Things mostly worked OK, but I ran into a video
stuttering problem with Live TV (saw many other postings
on this in various forums). By the way, if you don't
have a bootable recovery CD, do a search on BartPE -- a
great tool to make a very powerful recovery CD.

Before the upgrade, I was using an external firewire
drive for recorded TV, and the upgrade defaulted back to
the C drive. I changed it to the firewire drive, and
Live TV was way better. Odd. I had both Intervidia and
NVDVD decoders, and the checkup program that let me make
either the default, with no difference in the stuttering.

Then, I also had problems capturing external video with
MovieMill/Maui TV (I have an emuzed card) -- stuttering,
stalling.

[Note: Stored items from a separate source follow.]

lemma set_integrable_exp_minus_substitution:
  fixes f :: "real \<Rightarrow> real"
  assumes int: "set_integrable lborel {0<..} (\<lambda>t. exp (- t) * f (exp (- t)))"
  shows "set_integrable lborel {0<..<1} f"
    and "(LINT x:{0<..<1}|lborel. f x) = (LINT t:{0<..}|lborel. exp (- t) * f (exp (- t)))"
proof -
  define \<phi> where "\<phi> = (\<lambda>t. exp (- t) * f (exp (- t)))"
  have "\<phi> absolutely_integrable_on {0<..}"
    using int unfolding \<phi>_def set_integrable_def
    by (subst integrable_completion) (auto dest: borel_measurable_integrable)
  moreover have "(\<lambda>t. exp (- t)) ` {0<..} = {0<..<1::real}"
  proof (intro equalityI subsetI)
    fix x :: real assume "x \<in> {0<..<1}"
    then have "x = exp (- (- ln x))" "- ln x \<in> {0<..}" by auto
    then show "x \<in> (\<lambda>t. exp (- t)) ` {0<..}" by blast
  qed auto
  moreover have "(\<lambda>t. \<bar>- exp (- t)\<bar> * f (exp (- t))) = \<phi>"
    by (simp add: \<phi>_def)
  moreover have "((\<lambda>t. exp (- t)) has_field_derivative - exp (- x)) (at x within {0<..})" for x :: real
    by (auto intro!: derivative_eq_intros)
  moreover have "inj_on (\<lambda>t::real. exp (- t)) {0<..}"
    by (auto intro: inj_onI)
  ultimately have abs_int: "f absolutely_integrable_on {0<..<1}"
    and integral_eq: "integral {0<..<1} f = integral {0<..} \<phi>"
    using has_absolute_integral_change_of_variables_1'[of "{0<..}" "\<lambda>t. exp (- t)" "\<lambda>t. - exp (- t)" f
        "integral {0<..} \<phi>"]
    by auto
  define g where "g = (\<lambda>t. indicator {0<..} t *\<^sub>R \<phi> t)"
  have [measurable]: "g \<in> borel_measurable borel"
    using int unfolding set_integrable_def g_def \<phi>_def by (auto dest: borel_measurable_integrable)
  have "(\<lambda>x. indicator {0<..<1} x *\<^sub>R f x) = (\<lambda>x. indicator {0<..<1} x * (g (- ln x) / x))"
    by (auto simp: fun_eq_iff indicator_def g_def \<phi>_def)
  also have "\<dots> \<in> borel_measurable lborel"
    by measurable
  finally have meas: "(\<lambda>x. indicator {0<..<1} x *\<^sub>R f x) \<in> borel_measurable lborel" .
  show si: "set_integrable lborel {0<..<1} f"
    using abs_int unfolding set_integrable_def by (subst (asm) integrable_completion[OF meas])
  have "(LINT x:{0<..<1}|lborel. f x) = integral {0<..<1} f"
    by (rule set_borel_integral_eq_integral(2)[OF si])
  also have "\<dots> = (LINT t:{0<..}|lborel. \<phi> t)"
    unfolding integral_eq using int unfolding \<phi>_def
    by (rule set_borel_integral_eq_integral(2)[symmetric])
  finally show "(LINT x:{0<..<1}|lborel. f x) = (LINT t:{0<..}|lborel. exp (- t) * f (exp (- t)))"
    by (simp add: \<phi>_def)
qed

lemma has_bochner_integral_erlang_moment:
  fixes l :: real assumes "l > 0"
  shows "has_bochner_integral lborel (\<lambda>t. erlang_density k l t * t ^ i) (fact (k + i) / (fact k * l ^ i))"
proof (rule has_bochner_integral_nn_integral)
  show "(\<integral>\<^sup>+ t. ennreal (erlang_density k l t * t ^ i) \<partial>lborel) = ennreal (fact (k + i) / (fact k * l ^ i))"
    using assms by (rule nn_integral_erlang_ith_moment)
  show "AE t in lborel. 0 \<le> erlang_density k l t * t ^ i"
    using assms by (auto simp: erlang_density_def)
qed (use assms in auto)

lemma integrable_erlang_density: "l > 0 \<Longrightarrow> integrable lborel (erlang_density k l)"
  using has_bochner_integral_erlang_moment[of l k 0] by (simp add: integrable.intros)

(* For t >= 0, erlang_density (j - 1) (a k) t = a_k e^(-a_k t) (a_k t)^(j-1) / (j-1)!. *)
definition EU_density :: "(nat \<Rightarrow> real) \<Rightarrow> nat \<Rightarrow> nat \<Rightarrow> real \<Rightarrow> real" where
  "EU_density a N j t =
     (\<Sum>k=1..N. erlang_density (j - 1) (a k) t * (\<Prod>i\<in>{1..N} - {k}. 1 - exp (- a i * t)))"

lemma borel_measurable_EU_density[measurable]: "EU_density a N j \<in> borel_measurable borel"
  unfolding EU_density_def by measurable

locale positive_weights =
  fixes a :: "nat \<Rightarrow> real"
  assumes pos: "\<And>k. k \<ge> 1 \<Longrightarrow> a k > 0"
begin

lemma prod_one_minus_exp_minus_le:
  fixes c t :: real
  assumes c: "\<And>i. i \<in> {1..Suc Q} \<Longrightarrow> a i \<le> c" and t: "t \<ge> 0" and N: "N \<ge> Suc Q"
  shows "(\<Prod>i\<in>{1..N} - {k}. 1 - exp (- a i * t)) \<le> (c * t) ^ Q"
proof -
  define m where "m = min 1 (c * t)"
  define S where "S = {1..Suc Q} - {k}"
  have factor_01: "0 \<le> 1 - exp (- a i * t)" "1 - exp (- a i * t) \<le> 1" if "i \<ge> 1" for i
    using pos[OF that] t by auto
  have factor_le_m: "1 - exp (- a i * t) \<le> m" if "i \<in> S" for i
  proof -
    have i: "i \<ge> 1" "a i \<le> c" using that c by (auto simp: S_def)
    have "1 - exp (- (a i * t)) \<le> a i * t" using exp_ge_add_one_self[of "- (a i * t)"] by simp
    also have "\<dots> \<le> c * t" using i t by (intro mult_right_mono) auto
    finally show ?thesis using factor_01(2)[OF i(1)] by (simp add: m_def)
  qed
  have m: "0 \<le> m" "m \<le> 1" using c[of 1] pos[of 1] t by (auto simp: m_def)
  have "S \<subseteq> {1..N} - {k}" using N by (auto simp: S_def)
  then have "(\<Prod>i\<in>{1..N} - {k}. 1 - exp (- a i * t)) =
      (\<Prod>i\<in>S. 1 - exp (- a i * t)) * (\<Prod>i\<in>({1..N} - {k}) - S. 1 - exp (- a i * t))"
    by (subst prod.subset_diff) auto
  also have "\<dots> \<le> (\<Prod>i\<in>S. 1 - exp (- a i * t))"
    using factor_01 by (intro mult_left_le prod_le_1 prod_nonneg) (auto simp: S_def)
  also have "\<dots> \<le> m ^ card S"
    using factor_01 factor_le_m by (subst prod_constant[symmetric], intro prod_mono) (auto simp: S_def)
  also have "\<dots> \<le> m ^ Q"
    using m by (intro power_decreasing) (auto simp: S_def card_Diff_singleton_if)
  also have "\<dots> \<le> (c * t) ^ Q"
    using m by (intro power_mono) (auto simp: m_def)
  finally show ?thesis .
qed

lemma EU_density_nonneg: "EU_density a N j t \<ge> 0"
proof (cases "t < 0")
  case False
  then show ?thesis
    unfolding EU_density_def using pos
    by (intro sum_nonneg mult_nonneg_nonneg prod_nonneg erlang_density_nonneg) (auto simp: less_imp_le)
qed (simp add: EU_density_def erlang_density_def)

lemma EU_eq_integral_EU_density: "EU a N j = integral\<^sup>L lborel (EU_density a N j)"
proof -
  define h where "h k t = erlang_density (j - 1) (a k) t * (\<Prod>i\<in>{1..N} - {k}. 1 - exp (- a i * t))"
    for k t
  have "integrable lborel (h k)" if k: "k \<in> {1..N}" for k
  proof (rule Bochner_Integration.integrable_bound)
    show "integrable lborel (erlang_density (j - 1) (a k))"
      using pos k by (intro integrable_erlang_density) auto
    have "\<bar>h k t\<bar> \<le> erlang_density (j - 1) (a k) t" for t
    proof (cases "t < 0")
      case False
      then have "0 \<le> (\<Prod>i\<in>{1..N} - {k}. 1 - exp (- a i * t))" "(\<Prod>i\<in>{1..N} - {k}. 1 - exp (- a i * t)) \<le> 1"
        using pos by (auto intro!: prod_nonneg prod_le_1 simp: less_imp_le)
      moreover have "0 \<le> erlang_density (j - 1) (a k) t" using pos k by (simp add: less_imp_le)
      ultimately show ?thesis by (simp add: h_def abs_mult mult_left_le)
    qed (simp add: h_def erlang_density_def)
    then show "AE t in lborel. norm (h k t) \<le> norm (erlang_density (j - 1) (a k) t)"
      by (intro AE_I2) (simp add: order_trans[OF _ abs_ge_self])
  qed (simp add: h_def[abs_def])
  moreover have "(LINT t:{0..}|lborel. a k * exp (- a k * t) * (a k * t) ^ (j - 1) / fact (j - 1) *
      (\<Prod>i\<in>{1..N} - {k}. 1 - exp (- a i * t))) = integral\<^sup>L lborel (h k)" for k
    unfolding set_lebesgue_integral_def h_def erlang_density_def
    by (intro Bochner_Integration.integral_cong) (auto simp: power_mult_distrib mult_ac)
  ultimately show ?thesis
    unfolding EU_def EU_density_def h_def[symmetric]
    by (simp add: Bochner_Integration.integral_sum[symmetric])
qed

lemma EU_density_eq_prod_mult_sum:
  assumes t: "t > 0" and j: "j \<ge> 1"
  shows "EU_density a N j t = (\<Prod>n<N. 1 - exp (- t) powr a (Suc n)) *
    (t ^ (j - 1) / fact (j - 1) *
     (\<Sum>n<N. a (Suc n) ^ j * exp (- t) powr a (Suc n) / (1 - exp (- t) powr a (Suc n))))"
proof -
  define p where "p i = 1 - exp (- a i * t)" for i
  have p_pos: "p i > 0" if "i \<ge> 1" for i
    using pos[OF that] t by (simp add: p_def)
  have "erlang_density (j - 1) (a k) t * (\<Prod>i\<in>{1..N} - {k}. p i) =
      (\<Prod>i\<in>{1..N}. p i) * (t ^ (j - 1) / fact (j - 1) * (a k ^ j * exp (- a k * t) / p k))"
    if k: "k \<in> {1..N}" for k
  proof -
    have "(\<Prod>i\<in>{1..N}. p i) = p k * (\<Prod>i\<in>{1..N} - {k}. p i)"
      using k by (intro prod.remove) auto
    moreover have "a k ^ j = a k ^ Suc (j - 1)" using j by simp
    ultimately show ?thesis
      using p_pos[of k] k t by (simp add: erlang_density_def field_simps)
  qed
  then have "EU_density a N j t = (\<Prod>i\<in>{1..N}. p i) *
      (t ^ (j - 1) / fact (j - 1) * (\<Sum>k=1..N. a k ^ j * exp (- a k * t) / p k))"
    by (simp add: EU_density_def p_def sum_distrib_left)
  then show ?thesis
    by (simp add: prod.atLeast1_atMost_eq sum.atLeast1_atMost_eq p_def exp_minus_powr)
qed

I noticed CPU usage was pegged. Then, when I
captured video to the firewire drive, not the C drive, it
was way better, CPU wasn't pegged as much (but still not
perfect).

So, I tried Arcsoft to capture, and it fired off Sonic
MyDVD, and it mentioned "One of your recording devices
has DMA disabled." I went to hardware manager, checked
the DMA settings for the IDE controller (Primary and
secondary), and even though the primary controler was set
to automatically use DMA, when I reselected it and said
OK, the PC said, "reboot to make hardware changes take
effect".

For good measure, when I rebooted, I went into the BIOS
and had it rescan the primary and secondary IDE devices
(I also wanted to make sure it had no options to manage
DMA in the bios, which it didn't).

In any event, after the reboot, all was healed. Somehow,
the upgrade turned off DMA to my C drive! My
experiences may be unique (I have a theory, will mention
it in a minute), but just passing this along.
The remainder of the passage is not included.